Build A Markdown To HTML Conversion Pipeline Using Python

Table of Contents

Introduction
Project Setup
Flask Setup
Writing the Posts
Markdown to HTML Converter
Summary
References

Introduction¶

A few months ago, I wanted to serve my own blog instead of using websites like Medium. It was a pretty basic blog and I wrote all my articles in HTML. However, some day, I came across the idea of writing my own markdown to HTML generator, which would eventually allow me to write my articles in markdown. Furthermore, extending it by features like estimated reading time would be easier. Long story short, I implemented my own markdown to HTML generator and I really like it!

In this article series, I want to show you how you can build your own markdown to HTML generator. The series consists of three parts:

Part 1 (current article) presents the implementation of the whole generation pipeline (link).
Part 2 extends the implemented pipeline by a module used to compute the estimated reading time for a given article (link).
Part 3 demonstrates how you can use the pipeline to produce your own RSS feeds (link).

The code used in all three parts is available on GitHub.

Note: The idea of a markdown to HTML generator for my articles is based on an implementation Anthony Shaw uses to generate his articles.

Project Setup¶

In order to follow the current article, you need to install a few packages.
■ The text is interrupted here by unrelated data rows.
(* Let the revision protocols $\rho^c$ be arbitrary (Lipschitz) and let $\mathcal M_{\mathcal F}\subseteq\mathrm{NE}(\mathcal F)$ be nonempty and closed, with $\mathcal M=\{B_{S\to K}x:x\in\mathcal M_{\mathcal F}\}$. Assume: (i) for every $\mu\in\mathrm{MSNE}(F,\phi)$ and every $c\in[C]$, $f^{c,r}(\mu)=0$; (ii) there is a set $\bar D_x\subseteq D_x$ containing a relative neighborhood of $\mathcal M_{\mathcal F}$ in $D_x$ and a continuously differentiable $V:\bar D_x\to\mathbb R_{\ge0}$ with $V(x)>0$ on $\bar D_x\setminus\mathcal M_{\mathcal F}$, $V=0$ on $\mathcal M_{\mathcal F}$, and constants $\gamma_1,\gamma_2>0$ such that for all $x\in\bar D_x$: $\nabla V(x)^\top g(x)\le-\gamma_1d_{\mathcal M_{\mathcal F}}(x)^2$ and $\|\nabla V(x)\|\le\gamma_2d_{\mathcal M_{\mathcal F}}(x)$, where $g$ is the reduced vector field (R). Then there is $\epsilon^\star>0$ such that for all $\epsilon\in(0,\epsilon^\star)$ the set $\mathcal M$ is locally asymptotically stable under the evolutionary dynamics (E) with rates $R^c_d=\kappa^c/\epsilon$. If moreover $\bar D_x=D_x$, then $\mathcal M$ is globally asymptotically stable (on $X$).
   Context: Setting. There are $C$ classes of players, $[C]=\{1,\dots,C\}$. For each class $c\in[C]$: $\mathcal S^c$ is a finite state set with $p^c$ elements; for each $s\in\mathcal S^c$, $\mathcal A^c(s)$ is a nonempty finite action set; $\phi^c(\cdot\mid s,a)$ is a probability distribution on $\mathcal S^c$ for each $s\in\mathcal S^c$, $a\in\mathcal A^c(s)$; $\mathcal U^c_D$ is a finite set of $n^c$ deterministic stationary policies, each $u\in\mathcal U^c_D$ assigning to every $s$ a point mass $u(\cdot\mid s)$ on some action of $\mathcal A^c(s)$; $m^c>0$ is the mass of class $c$; $R^c_d>0$ is the state-transition rate. Let $n=\sum_c n^c$. For $u\in\mathcal U^c_D$ put $\phi^{c,u}(s\mid s')=\sum_{a'\in\mathcal A^c(s')}\phi^c(s\mid s',a')u(a'\mid s')$; standing assumption: the Markov chain on $\mathcal S^c$ with kernel $\phi^{c,u}$ has a unique recurrent communicating class, hence a unique stationary distribution $\eta^{c,u}$. The population state is $\mu=(\mu^c)_{c\in[C]}\in X:=\prod_c X^c$, where $X^c=\{\mu^c\in\mathbb R_{\ge0}^{\mathcal S^c\times\mathcal U^c_D}:\sum_{s,u}\mu^c[s,u]=m^c\}$; write $\mu^c[\mathcal S^c,u]:=\sum_{s\in\mathcal S^c}\mu^c[s,u]$ and $\mu^c[\mathcal S^c,\cdot]\in\mathbb R^{n^c}_{\ge0}$ for the vector of these. A payoff map $F=(F^c)_{c\in[C]}$ is given, with $F^c$ continuously differentiable on an open neighborhood of $X$ and valued in $\mathbb R^{\mathcal U^c_D}$ ($F^c_u(\mu)$ is the payoff of policy $u$ for class $c$). Each class has a revision protocol $\rho^c=(\rho^c_{uv})_{u,v\in\mathcal U^c_D}$, a Lipschitz continuous map $\mathbb R^{n^c}\times\mathbb R^{n^c}_{\ge0}\to\mathbb R^{n^c\times n^c}_{\ge0}$ whose first argument is a payoff vector and second a policy distribution. The evolutionary dynamics (E) are the ODE on $X$: for all $c\in[C]$, $s\in\mathcal S^c$, $u\in\mathcal U^c_D$, $\dot\mu^c[s,u]=f^{c,d}_{s,u}(\mu)+f^{c,r}_{s,u}(\mu)$, where $f^{c,d}_{s,u}(\mu)=R^c_d\sum_{s'\in\mathcal S^c}\sum_{a'\in\mathcal A^c(s')}\phi^c(s\mid s',a')u(a'\mid s')\mu^c[s',u]-R^c_d\mu^c[s,u]$ and $f^{c,r}_{s,u}(\mu)=\sum_{u'\in\mathcal U^c_D}\mu^c[s,u']\rho^c_{u'u}(F^c(\mu),\mu^c[\mathcal S^c,\cdot])-\mu^c[s,u]\sum_{u'\in\mathcal U^c_D}\rho^c_{uu'}(F^c(\mu),\mu^c[\mathcal S^c,\cdot])$. Solutions from $X$ exist, are unique and remain in $X$. A state $\mu\in X$ is a mixed stationary Nash equilibrium (MSNE) if for every $c\in[C]$: (a) for all $u\in\mathcal U^c_D$, $\mu^c[\mathcal S^c,u]>0\Rightarrow F^c_u(\mu)\ge F^c_v(\mu)$ for all $v\in\mathcal U^c_D$; and (b) $f^{c,d}_{s,u}(\mu)=0$ for all $s\in\mathcal S^c,u\in\mathcal U^c_D$. $\mathrm{MSNE}(F,\phi)$ denotes the set of MSNE. Two-time-scale setup. Let $B^c_{S\to K}=[e^1\otimes\eta^{c,u_1}\ \cdots\ e^{n^c}\otimes\eta^{c,u_{n^c}}]\in\mathbb R^{p^cn^c\times n^c}$ (coordinates of $\mu^c$ ordered $(s_1,u_1),\dots,(s_{p^c},u_1),\dots,(s_{p^c},u_{n^c})$; $e^i$ the standard basis of $\mathbb R^{n^c}$), and $B_{S\to K}=\mathrm{diag}_c(B^c_{S\to K})$; thus $(B_{S\to K}x)^c[s,u]=x^c_u\eta^{c,u}(s)$. Let $D_x=\prod_c\{x^c\in\mathbb R^{n^c}_{\ge0}:\mathbf 1^\top x^c=m^c\}$. The steady-state game is $\mathcal F(x):=F(B_{S\to K}x)$ (defined on a neighborhood of $D_x$); $\mathrm{NE}(\mathcal F)$ is the set of $x\in D_x$ with $x^c_u>0\Rightarrow\mathcal F^c_u(x)\ge\mathcal F^c_v(x)$ for all $c,u,v$. One has $\mathrm{MSNE}(F,\phi)=\{B_{S\to K}x:x\in\mathrm{NE}(\mathcal F)\}$ and $\mu^c[\mathcal S^c,u]=x^c_u$ for $\mu=B_{S\to K}x$. For a closed $\mathcal M_{\mathcal F}\subseteq D_x$ put $\mathcal M=\{B_{S\to K}x:x\in\mathcal M_{\mathcal F}\}$. The reduced vector field (R) on $D_x$ is $g^c_u(x)=\sum_{u'}x^c_{u'}\rho^c_{u'u}(\mathcal F^c(x),x^c)-x^c_u\sum_{u'}\rho^c_{uu'}(\mathcal F^c(x),x^c)$. Time-scale parametrization: fix constants $\kappa^c\ge1$ with $\min_c\kappa^c=1$ and set $R^c_d=\kappa^c/\epsilon$ for $\epsilon>0$ (so $\epsilon=1/\min_cR^c_d$). $d_A(y)=\inf_{a\in A}\|y-a\|$. *)

theory Defs
  imports "HOL-Analysis.Analysis"
begin

text \<open>Classes are the elements of a finite type 'c (so [C] = UNIV).
  All state sets S c are subsets of a finite type 's, all action sets A c s
  subsets of a finite type 'a; a deterministic stationary policy is a map
  u :: 's => 'a (point mass on u s at state s).
  A population state mu is a vector in real^('c * 's * ('s => 'a)); its
  coordinate (c,s,u) is mu^c[s,u].  Coordinates with s not in S c or u not in
  U c are forced to be 0 on X.  Likewise a policy distribution x lives in
  real^('c * ('s => 'a)), coordinate (c,u) being x^c_u.
  phi c s a s' is the probability phi^c(s' | s, a).\<close>

type_synonym ('c,'s,'a) pstate = "real^('c \<times> 's \<times> ('s \<Rightarrow> 'a))"
type_synonym ('c,'s,'a) pdist = "real^('c \<times> ('s \<Rightarrow> 'a))"

definition C1_on :: "'x::real_normed_vector set \<Rightarrow> ('x \<Rightarrow> 'y::real_normed_vector) \<Rightarrow> bool" where
  "C1_on G f \<longleftrightarrow> (\<exists>f'. (\<forall>x\<in>G. (f has_derivative blinfun_apply (f' x)) (at x)) \<and> continuous_on G f')"

definition kern :: "('c::finite \<Rightarrow> 's::finite \<Rightarrow> 'a::finite \<Rightarrow> 's \<Rightarrow> real) \<Rightarrow> 'c \<Rightarrow> ('s \<Rightarrow> 'a) \<Rightarrow> 's \<Rightarrow> 's \<Rightarrow> real" where
  "kern phi c u s s' = phi c s (u s) s'"

definition reach :: "'s::finite set \<Rightarrow> ('s \<Rightarrow> 's \<Rightarrow> real) \<Rightarrow> 's \<Rightarrow> 's \<Rightarrow> bool" where
  "reach S P s t \<longleftrightarrow> (s, t) \<in> {(x, y). x \<in> S \<and> y \<in> S \<and> P x y > 0}\<^sup>*"

definition recurrent :: "'s::finite set \<Rightarrow> ('s \<Rightarrow> 's \<Rightarrow> real) \<Rightarrow> 's \<Rightarrow> bool" where
  "recurrent S P s \<longleftrightarrow> s \<in> S \<and> (\<forall>t\<in>S. reach S P s t \<longrightarrow> reach S P t s)"

text \<open>The chain has a unique recurrent communicating class (in a finite chain
  recurrent states always exist; uniqueness means they all communicate).\<close>
definition unique_recurrent_class :: "'s::finite set \<Rightarrow> ('s \<Rightarrow> 's \<Rightarrow> real) \<Rightarrow> bool" where
  "unique_recurrent_class S P \<longleftrightarrow>
     (\<forall>s\<in>S. \<forall>t\<in>S. recurrent S P s \<and> recurrent S P t \<longrightarrow> reach S P s t)"

definition stationary_dist :: "'s::finite set \<Rightarrow> ('s \<Rightarrow> 's \<Rightarrow> real) \<Rightarrow> ('s \<Rightarrow> real) \<Rightarrow> bool" where
  "stationary_dist S P eta \<longleftrightarrow>
     (\<forall>s. s \<notin> S \<longrightarrow> eta s = 0) \<and> (\<forall>s\<in>S. eta s \<ge> 0) \<and> (\<Sum>s\<in>S. eta s) = 1 \<and>
     (\<forall>s\<in>S. (\<Sum>s'\<in>S. eta s' * P s' s) = eta s)"

definition eta :: "('c::finite \<Rightarrow> 's::finite set) \<Rightarrow> ('c \<Rightarrow> 's \<Rightarrow> 'a::finite \<Rightarrow> 's \<Rightarrow> real) \<Rightarrow> 'c \<Rightarrow> ('s \<Rightarrow> 'a) \<Rightarrow> 's \<Rightarrow> real" where
  "eta S phi c u = (THE e. stationary_dist (S c) (kern phi c u) e)"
We put them into a requirements.txt file.

# requirements.txt

Flask==1.1.2
Markdown==3.2.1

Markdown is a package, which allows you to transform your markdown code into HTML. We use Flask to serve the static files afterwards.
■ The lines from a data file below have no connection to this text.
lemma mle_tendsto_on_typical_path:
  fixes S :: "nat \<Rightarrow> nat set" and \<theta>hat :: "nat \<Rightarrow> nat \<Rightarrow> real"
  assumes "p \<ge> 1" and design: "conditional_design p \<mu>" and A1: "assumption1 p \<mu>"
    and "\<theta> \<in> Theta p"
    and support: "\<And>i. S i \<in> {a\<in>Pow {1..p}. 0 < \<mu> a * ind_dot a (weights p \<theta>)}"
    and freq: "\<And>a. a \<in> Pow {1..p} \<Longrightarrow>
                 (\<lambda>n. empirical_freq S a n) \<longlonglongrightarrow> \<mu> a * ind_dot a (weights p \<theta>)"
    and \<theta>hat: "\<And>n. \<theta>hat n \<in> Theta p" and mle: "\<And>n. loglik p n S \<theta> \<le> loglik p n S (\<theta>hat n)"
    and "i \<in> {1..p-1}"
  shows "(\<lambda>n. \<theta>hat n i) \<longlonglongrightarrow> \<theta> i"
proof -
  define u where "u n = (\<lambda>j. \<theta>hat n j - \<theta> j)" for n
  have "(\<lambda>n. u n i) \<longlonglongrightarrow> 0"
  proof (rule assumption1_tendsto_zero[OF A1 _ _ \<open>i \<in> {1..p-1}\<close>])
    show "\<bar>u n j\<bar> \<le> 1" if "j \<in> {1..p-1}" for n j
      using Theta_coord_bounds[OF \<theta>hat[of n] that] Theta_coord_bounds[OF \<open>\<theta> \<in> Theta p\<close> that]
      by (simp add: u_def abs_le_iff)
    show "(\<lambda>n. ind_dot a (Bmul p (u n))) \<longlonglongrightarrow> 0" if "a \<in> Pow {1..p}" "0 < \<mu> a" for a
    proof -
      have "(\<lambda>n. \<mu> a * ind_dot a (weights p (\<theta>hat n)) / \<mu> a)
          \<longlonglongrightarrow> \<mu> a * ind_dot a (weights p \<theta>) / \<mu> a"
        using mle_cell_probs_tendsto[OF \<open>p \<ge> 1\<close> design \<open>\<theta> \<in> Theta p\<close> support freq \<theta>hat mle \<open>a \<in> Pow {1..p}\<close>]
          \<open>0 < \<mu> a\<close> by (intro tendsto_divide tendsto_const) auto
      then have "(\<lambda>n. ind_dot a (weights p (\<theta>hat n)) - ind_dot a (weights p \<theta>)) \<longlonglongrightarrow> 0"
        using \<open>0 < \<mu> a\<close> by (simp add: LIM_zero_iff)
      then show ?thesis by (simp add: u_def ind_dot_Bmul_diff)
    qed
  qed
  then show ?thesis by (simp add: u_def LIM_zero_iff)
qed

theorem mainTheorem4:
  fixes p :: nat and \<mu> :: "nat set \<Rightarrow> real" and \<theta> :: "nat \<Rightarrow> real"
    and M :: "'s measure" and A :: "nat \<Rightarrow> 's \<Rightarrow> nat set"
    and \<theta>hat :: "nat \<Rightarrow> 's \<Rightarrow> nat \<Rightarrow> real"
  assumes "p \<ge> 4"
    and "conditional_design p \<mu>"
    and "assumption1 p \<mu>"
    and "\<theta> \<in> Theta p"
    and "prob_space M"
    and "\<forall>i. A i \<in> measurable M (count_space UNIV)"
    and "prob_space.indep_vars M (\<lambda>_. count_space UNIV) A UNIV"
    and "\<forall>i. \<forall>a\<in>Pow {1..p}.
           measure M {x\<in>space M. A i x = a} = \<mu> a * ind_dot a (\<lambda>j. alpha p j + Bmul p \<theta> j)"
    and "\<forall>n. \<forall>x\<in>space M. \<theta>hat n x \<in> Theta p \<and>
           (\<forall>\<theta>'\<in>Theta p. loglik p n (\<lambda>i. A i x) \<theta>' \<le> loglik p n (\<lambda>i. A i x) (\<theta>hat n x))"
  shows "AE x in M. (\<forall>i\<in>{1..p-1}. (\<lambda>n. \<theta>hat n x i) \<longlonglongrightarrow> \<theta> i) \<and>
           (\<forall>j\<in>{1..p}. (\<lambda>n. alpha p j + Bmul p (\<theta>hat n x) j) \<longlonglongrightarrow> alpha p j + Bmul p \<theta> j)"
proof -
  interpret prob_space M by fact
  have "p \<ge> 1" using \<open>p \<ge> 4\<close> by simp \<comment> \<open>only \<open>p \<ge> 1\<close> is needed\<close>
  have "AE x in M. (\<forall>i. A i x \<in> {a\<in>Pow {1..p}. 0 < \<mu> a * ind_dot a (weights p \<theta>)}) \<and>
      (\<forall>a\<in>Pow {1..p}. (\<lambda>n. empirical_freq (\<lambda>i. A i x) a n) \<longlonglongrightarrow> \<mu> a * ind_dot a (weights p \<theta>))"
    using assms(6-8) sum_cell_probs[OF assms(2) \<open>p \<ge> 1\<close>]
    by (intro AE_sample_path_typical) auto
  then show ?thesis
    using AE_space
  proof eventually_elim
    case (elim x)
    then have "(\<lambda>n. \<theta>hat n x i) \<longlonglongrightarrow> \<theta> i" if "i \<in> {1..p-1}" for i
      using assms(9) \<open>\<theta> \<in> Theta p\<close>
      by (intro mle_tendsto_on_typical_path[where S = "\<lambda>i. A i x" and \<theta>hat = "\<lambda>n. \<theta>hat n x",
            OF \<open>p \<ge> 1\<close> assms(2-4) _ _ _ _ that]) auto
    then show ?case
      by (auto intro!: tendsto_add tendsto_const Bmul_tendsto)
  qed
qed

end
But before you install them, create a virtual environment to not mess up your Python installation:

$ python -m venv .venv
$ source .venv/bin/activate

Once activated, you can install the dependencies from the requirements.txt file via pip.

$ python -m pip install -r requirements.txt

Great! Let's create a few directories to better organize our code. First, we create a directory app. This directory contains our Flask app serving the blog. All subsequent directories will be created inside the app directory. Second, we create a directory called posts. This directory contains the markdown files we want to convert into HTML files. Next, we create a directory templates, which will contain the templates we serve later using Flask. Inside the templates directory, we create two more directories:

posts contains the resulting HTML files, which correspond to the ones in the posts directory in the application's root.
shared contains HTML files which are used across many files.
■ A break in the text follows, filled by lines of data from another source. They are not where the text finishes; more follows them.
lemma chains_below_interval_series:
  assumes K: "simplicial_complex K" and x: "(A, B) \<in> int_poset K"
  shows "fps_X_geom * (\<Sum>C\<in>order_complex (strictly_below (int_poset K) int_le (A, B)) int_le. fps_X_geom ^ card C)
    = fps_X * odd_power_series (card (B - A))"
  using x
proof (induction "card (B - A)" arbitrary: A B rule: less_induct)
  case less
  let ?P = "int_poset K"
  let ?D = "strictly_below ?P int_le (A, B)"
  have AB: "A \<subseteq> B" "B \<in> K" using less.prems by (auto simp: int_poset_def)
  have fin_B: "finite B" using simplicial_complex_finite_face[OF K AB(2)] .
  have D: "?D = subintervals A B - {(A, B)}" by (rule strictly_below_int_poset[OF K less.prems])
  have fin_D: "finite ?D" unfolding D using finite_subintervals[OF fin_B] by simp
  have "(\<Sum>y\<in>?D. fps_X_geom * (\<Sum>C\<in>order_complex (strictly_below ?D int_le y) int_le. fps_X_geom ^ card C))
      = (\<Sum>(A', B')\<in>?D. fps_X * odd_power_series (card (B' - A')))"
  proof (intro sum.cong refl, clarify)
    fix A' B' assume y: "(A', B') \<in> ?D"
    then have "(A', B') \<in> ?P" by (simp add: strictly_below_def)
    moreover have "card (B' - A') < card (B - A)"
      using y card_diff_proper_subinterval[OF _ fin_B] unfolding D by blast
    ultimately show "fps_X_geom * (\<Sum>C\<in>order_complex (strictly_below ?D int_le (A', B')) int_le. fps_X_geom ^ card C)
        = fps_X * odd_power_series (card (B' - A'))"
      using less.hyps int_le.strictly_below_strictly_below[OF y] by simp
  qed
  also have "\<dots> = fps_X * ((\<Sum>(A', B')\<in>subintervals A B. odd_power_series (card (B' - A')))
      - odd_power_series (card (B - A)))"
    using finite_subintervals[OF fin_B] AB(1) unfolding D
    by (simp add: sum_diff1 subintervals_def sum_distrib_left right_diff_distrib case_prod_beta)
  also have "\<dots> = fps_X * (Abs_fps (\<lambda>q. (2 * int q + 3) ^ card (B - A)) - odd_power_series (card (B - A)))"
    by (simp only: sum_subintervals_odd_power_series[OF fin_B AB(1)])
  finally have "(\<Sum>C\<in>order_complex ?D int_le. fps_X_geom ^ card C)
      = 1 + fps_X * (Abs_fps (\<lambda>q. (2 * int q + 3) ^ card (B - A)) - odd_power_series (card (B - A)))"
    using int_le.order_complex_sum_power[OF fin_D, of fps_X_geom] by simp
  then have "(\<Sum>C\<in>order_complex ?D int_le. fps_X_geom ^ card C) = (1 - fps_X) * odd_power_series (card (B - A))"
    using fps_X_mult_shifted_odd_power_series by (simp add: algebra_simps)
  then show ?case
    using fps_X_geom_mult_one_minus_X by (simp add: mult.assoc[symmetric])
qed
Furthermore, we create a directory called services. The directory will contain modules we use in our Flask application or to generate certain things for it. Last but not least, a directory called static is created with two subdirectories images and css. Custom CSS files and the thumbnails for the posts will be stored here.

Your final project structure should look like this:

$ tree .
.
├── app
│   ├── posts
│   ├── services
│   ├── static
│   │   ├── css
│   │   └── images
│   └── templates
│       ├── posts
│       └── shared
└── requirements.txt


9 directories, 1 file

Awesome! We finished the general project setup. Let's hit over to the Flask setup.

Flask Setup¶

Routing¶

We already installed Flask in the last section. However, we still need a Python file which defines the endpoints the users can access. Create a new file in your app directory called main.py and copy the following content into it.

# main.py

from flask import Flask
from flask import render_template

app = Flask(__name__)


@app.route("/")
def home():
    return render_template("index.html")


@app.route("/posts/<string:name>")
def blog_post(name: str):
    return render_template(f"posts/{name}.html")


if __name__ == "__main__":
    app.run("0.0.0.0", port=5000, debug=True)

The file defines a basic Flask application with two endpoints. The first endpoint, which the user can access using the / route, returns the index page, where all posts are listed.

The second endpoint is a more generic one. It accepts a post's name and returns the corresponding HTML file.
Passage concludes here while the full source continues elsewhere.